Optoacoustic (OA) imaging allows optical absorption contrast to be visualised using thermoelastically generated
ultrasound. To date, optoacoustic theory has been applied to homogeneously absorbing tissue models that may describe,
for example, large vessels filled with blood, where the whole target will act as a coherent source of sound. Here we
describe a new model in which the optical absorbers are distributed inhomogeneously, as appropriate to describe
microvasculature, or perhaps the distribution of molecularly targeted OA contrast agents inside a tumour. The degree of
coherence over the resulting distributed acoustic source is influenced by parameters that describe the scale of the
inhomogeneity, such as the sizes of the absorbers and the distances between them. To investigate the influence of these
parameters on OA image appearance, phantoms with homogeneously and imhomogeneously absorbing regions were
built and imaged. Simulations of the same situation were conducted using a time domain acoustic propagation method.
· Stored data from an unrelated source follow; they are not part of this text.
theorem mainTheorem3:
  fixes \<sigma>0 \<sigma>e \<theta>0 b x :: real
  assumes "\<sigma>0 > 0" and "\<sigma>e > 0"
  shows "integrable lborel (\<lambda>\<theta>. cauchy_density \<theta>0 \<sigma>0 \<theta> * cauchy_density 0 \<sigma>e (x - b - \<theta>))
       \<and> integrable lborel (\<lambda>\<theta>. \<theta> * cauchy_density \<theta>0 \<sigma>0 \<theta> * cauchy_density 0 \<sigma>e (x - b - \<theta>))
       \<and> (\<integral>\<theta>. cauchy_density \<theta>0 \<sigma>0 \<theta> * cauchy_density 0 \<sigma>e (x - b - \<theta>) \<partial>lborel) > 0
       \<and> posterior_mean (cauchy_density \<theta>0 \<sigma>0) (cauchy_density 0 \<sigma>e) b x - \<theta>0
           = (\<sigma>0 / (\<sigma>0 + \<sigma>e)) * (x - b - \<theta>0)"
proof -
  let ?Z = "\<integral>\<theta>. cauchy_density \<theta>0 \<sigma>0 \<theta> * cauchy_density (x - b) \<sigma>e \<theta> \<partial>lborel"
  have "?Z > 0"
    using cauchy_product_integral_pos[OF assms] .
  then have "posterior_mean (cauchy_density \<theta>0 \<sigma>0) (cauchy_density 0 \<sigma>e) b x
      = (\<sigma>e * \<theta>0 + \<sigma>0 * (x - b)) / (\<sigma>0 + \<sigma>e)"
    by (simp add: posterior_mean_def cauchy_density_reflect cauchy_product_moment_eq[OF assms])
  then have "posterior_mean (cauchy_density \<theta>0 \<sigma>0) (cauchy_density 0 \<sigma>e) b x - \<theta>0
      = (\<sigma>0 / (\<sigma>0 + \<sigma>e)) * (x - b - \<theta>0)"
    using assms by (simp add: field_simps)
  then show ?thesis
    using integrable_cauchy_product[OF assms] integrable_cauchy_product_moment[OF assms] \<open>?Z > 0\<close>
    by (simp add: cauchy_density_reflect)
qed
lemma liminf_opnorm_exp_div_lam_mult_powr_ge:
  assumes a: "\<alpha> > 0"
  shows "Liminf at_top (\<lambda>t::real. ereal (t powr (\<alpha> / 3) *
           opnorm (diag (\<lambda>k. exp (of_real t / lam k) * (- lam k) powr (- of_real \<alpha>)))))
         \<ge> ereal (1 / 2 powr (\<alpha> / 2) * (\<alpha> / (3 * exp 1)) powr (\<alpha> / 3))"
proof -
  define g where "g t = 2 powr (- \<alpha> / 2) * exp (- \<alpha> / 3) * t powr (\<alpha> / 3) *
    ((3 * t / \<alpha>) powr (1/3) + 1) powr (- \<alpha>)" for t
  have "(g \<longlongrightarrow> 1 / 2 powr (\<alpha> / 2) * (\<alpha> / (3 * exp 1)) powr (\<alpha> / 3)) at_top"
    unfolding g_def using a
    by (real_asymp simp: powr_powr powr_minus_divide powr_divide powr_mult exp_powr_real
        exp_minus field_simps)
  then have "ereal (1 / 2 powr (\<alpha> / 2) * (\<alpha> / (3 * exp 1)) powr (\<alpha> / 3))
      = Liminf at_top (\<lambda>t. ereal (g t))"
    by (intro lim_imp_Liminf[symmetric]) auto
  also have "\<dots> \<le> Liminf at_top (\<lambda>t::real. ereal (t powr (\<alpha> / 3) *
      opnorm (diag (\<lambda>k. exp (of_real t / lam k) * (- lam k) powr (- of_real \<alpha>)))))"
    using eventually_gt_at_top[of "0::real"]
  proof (intro Liminf_mono, eventually_elim)
    case (elim t)
    then show ?case
      using mult_left_mono[OF opnorm_exp_div_lam_mult_powr_ge[OF a \<open>t > 0\<close>], of "t powr (\<alpha> / 3)"]
      by (simp add: g_def mult_ac)
  qed
  finally show ?thesis .
qed

theorem mainTheorem5:
  shows "(\<exists>T. generates (diag lam) domA T \<and> poly_stable (diag lam) domA T 1) \<and>
    (\<forall>\<alpha>::real. \<alpha> > 0 \<longrightarrow>
       Liminf at_top (\<lambda>t::real. ereal (t powr (\<alpha> / 3) *
          opnorm (diag (\<lambda>k. exp (of_real t / lam k) * (- lam k) powr (- of_real \<alpha>)))))
       \<ge> ereal (1 / 2 powr (\<alpha> / 2) * (\<alpha> / (3 * exp 1)) powr (\<alpha> / 3)))"
proof (intro conjI allI impI exI)
  show "generates (diag lam) domA (diag_semigroup lam)"
    unfolding domA_def by (intro generates_diag_semigroup Re_lam_le_0)
  show "poly_stable (diag lam) domA (diag_semigroup lam) 1"
    by (rule poly_stable_diag_semigroup_lam)
qed (rule liminf_opnorm_exp_div_lam_mult_powr_ge)

end
(* Let $\alpha\in(0,1)$ be irrational with continued fraction expansion $\alpha=[a_1,a_2,a_3,\dots]$ and let $(\mathbb X_\alpha,S)$ be the Sturmian subshift of slope $\alpha$. Let $(\mathbb X',S')$ be a $p$-periodic subshift over a finite alphabet, $T=S\times S'$, $\rho$ a $T$-ergodic probability measure on $\mathbb X_\alpha\times\mathbb X'$, and $f:\mathbb X_\alpha\times\mathbb X'\to\mathbb R$ locally constant, i.e. $f(x,x')=g(x_n\cdots x_{n+k-1},x')$ for some $n,k,g$. If $\limsup_{n\to\infty}a_n\ge 4p$, then for $\rho$-almost every $\omega$, $H_\omega=\Delta+V_\omega$ with $V_\omega(j)=f(T^j\omega)$ has no eigenvalues.
   Context: $\Delta$ is the discrete Laplacian $(\Delta\psi)(n)=\psi(n+1)+\psi(n-1)$. For $\theta\in[0,1)$, $s_n(\alpha,\theta)=\chi_{[1-\alpha,1)}(n\alpha+\theta\bmod1)$ and $s'_n(\alpha,\theta)=\chi_{(1-\alpha,1]}(n\alpha+\theta\bmod 1)$; $\mathbb X_\alpha=\{s(\alpha,\theta)\}_\theta\cup\{s'(\alpha,\theta)\}_\theta\subseteq\{0,1\}^{\mathbb Z}$ with left shift $S$. $\alpha=1/(a_1+1/(a_2+\cdots))$. A $p$-periodic subshift is the set of translates of one $p$-periodic sequence. *)

theory Defs
  imports "HOL-Probability.Probability"
begin

(* x mod 1 with values in [0,1): frac x.  x mod 1 with values in (0,1]: *)
definition mod1_up :: "real \<Rightarrow> real" where
  "mod1_up x = x - of_int (\<lceil>x\<rceil> - 1)"

definition sturm_s :: "real \<Rightarrow> real \<Rightarrow> int \<Rightarrow> nat" where
  "sturm_s \<alpha> \<theta> n = (if frac (of_int n * \<alpha> + \<theta>) \<in> {1 - \<alpha>..<1} then 1 else 0)"

definition sturm_s' :: "real \<Rightarrow> real \<Rightarrow> int \<Rightarrow> nat" where
  "sturm_s' \<alpha> \<theta> n = (if mod1_up (of_int n * \<alpha> + \<theta>) \<in> {1 - \<alpha><..1} then 1 else 0)"

definition sturmian_subshift :: "real \<Rightarrow> (int \<Rightarrow> nat) set" where
  "sturmian_subshift \<alpha> =
     (sturm_s \<alpha>) ` {0..<1} \<union> (sturm_s' \<alpha>) ` {0..<1}"

definition shiftZ :: "int \<Rightarrow> (int \<Rightarrow> 'a) \<Rightarrow> (int \<Rightarrow> 'a)" where
  "shiftZ j x = (\<lambda>n. x (n + j))"

definition orbit_subshift :: "(int \<Rightarrow> 'a) \<Rightarrow> (int \<Rightarrow> 'a) set" where
  "orbit_subshift y = range (\<lambda>k. shiftZ k y)"

definition prodshift :: "int \<Rightarrow> (int \<Rightarrow> 'a) \<times> (int \<Rightarrow> 'b) \<Rightarrow> (int \<Rightarrow> 'a) \<times> (int \<Rightarrow> 'b)" where
  "prodshift j \<omega> = (shiftZ j (fst \<omega>), shiftZ j (snd \<omega>))"

(* product (cylinder = Borel, alphabets discrete) sigma algebra on A^Z x B^Z *)
definition seq_pair_space :: "((int \<Rightarrow> nat) \<times> (int \<Rightarrow> 'b)) measure" where
  "seq_pair_space =
     (PiM UNIV (\<lambda>_::int. count_space (UNIV::nat set)))
       \<Otimes>\<^sub>M (PiM UNIV (\<lambda>_::int. count_space (UNIV::'b set)))"

definition ergodic_measure :: "'a measure \<Rightarrow> ('a \<Rightarrow> 'a) \<Rightarrow> bool" where
  "ergodic_measure M T \<longleftrightarrow>
     prob_space M \<and> T \<in> measurable M M \<and>
     (\<forall>A \<in> sets M. emeasure M (T -` A \<inter> space M) = emeasure M A) \<and>
     (\<forall>A \<in> sets M. T -` A \<inter> space M = A \<longrightarrow> emeasure M A = 0 \<or> emeasure M A = 1)"

(* continued fraction digits: cf_digit alpha n = a_(n+1) for alpha = [a_1,a_2,...] *)
definition gauss_iter :: "real \<Rightarrow> nat \<Rightarrow> real" where
  "gauss_iter \<alpha> n = ((\<lambda>x. frac (1 / x)) ^^ n) \<alpha>"
lemma phase_primitive_diagonal_has_real_derivative:
  "((\<lambda>x. phase_primitive (2 * x + c) (x + d)) has_real_derivative
     2 * phase_primitive (2 * x + c + pi / 2) (x + d) + cos (c - 2 * d) * h (x + d)) (at x)"
proof -
  have D: "((\<lambda>x. phase_primitive (2 * x + c) (x + d)) has_real_derivative
      - 2 * sin (2 * x + c) * cos_moment (x + d) + cos (2 * x + c) * (cos (2 * (x + d)) * h (x + d))
      + (2 * cos (2 * x + c) * sin_moment (x + d) + sin (2 * x + c) * (sin (2 * (x + d)) * h (x + d)))) (at x)"
    unfolding phase_primitive_def
    by (auto intro!: derivative_eq_intros cos_moment_has_real_derivative[THEN DERIV_chain2]
        sin_moment_has_real_derivative[THEN DERIV_chain2])
  have "cos (c - 2 * d) = cos (2 * x + c) * cos (2 * (x + d)) + sin (2 * x + c) * sin (2 * (x + d))"
    using cos_diff[of "2 * x + c" "2 * (x + d)"] by (simp add: algebra_simps)
  then have "- 2 * sin (2 * x + c) * cos_moment (x + d) + cos (2 * x + c) * (cos (2 * (x + d)) * h (x + d))
      + (2 * cos (2 * x + c) * sin_moment (x + d) + sin (2 * x + c) * (sin (2 * (x + d)) * h (x + d)))
    = 2 * phase_primitive (2 * x + c + pi / 2) (x + d) + cos (c - 2 * d) * h (x + d)"
    unfolding phase_primitive_add_pi_half by (simp add: algebra_simps)
  then show ?thesis using D by simp
qed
Both simulations and experiments showed that introducing inhomogeneity of absorption produces more complete images
of macroscopic targets than are obtained with a homogeneous absorption. Image improvement and target detectability
were found to reach a maximum at an intermediate value of the length-scale of the inhomogeneity that was similar to the
axial resolution of the acoustic receiver employed. As the scale of inhomogeneity became finer than this the target's
detectability and appearance began to revert to that for homogeneous absorption. Further understanding of this topic is
believed to be important for optimising the design of clinical optoacoustic imaging systems.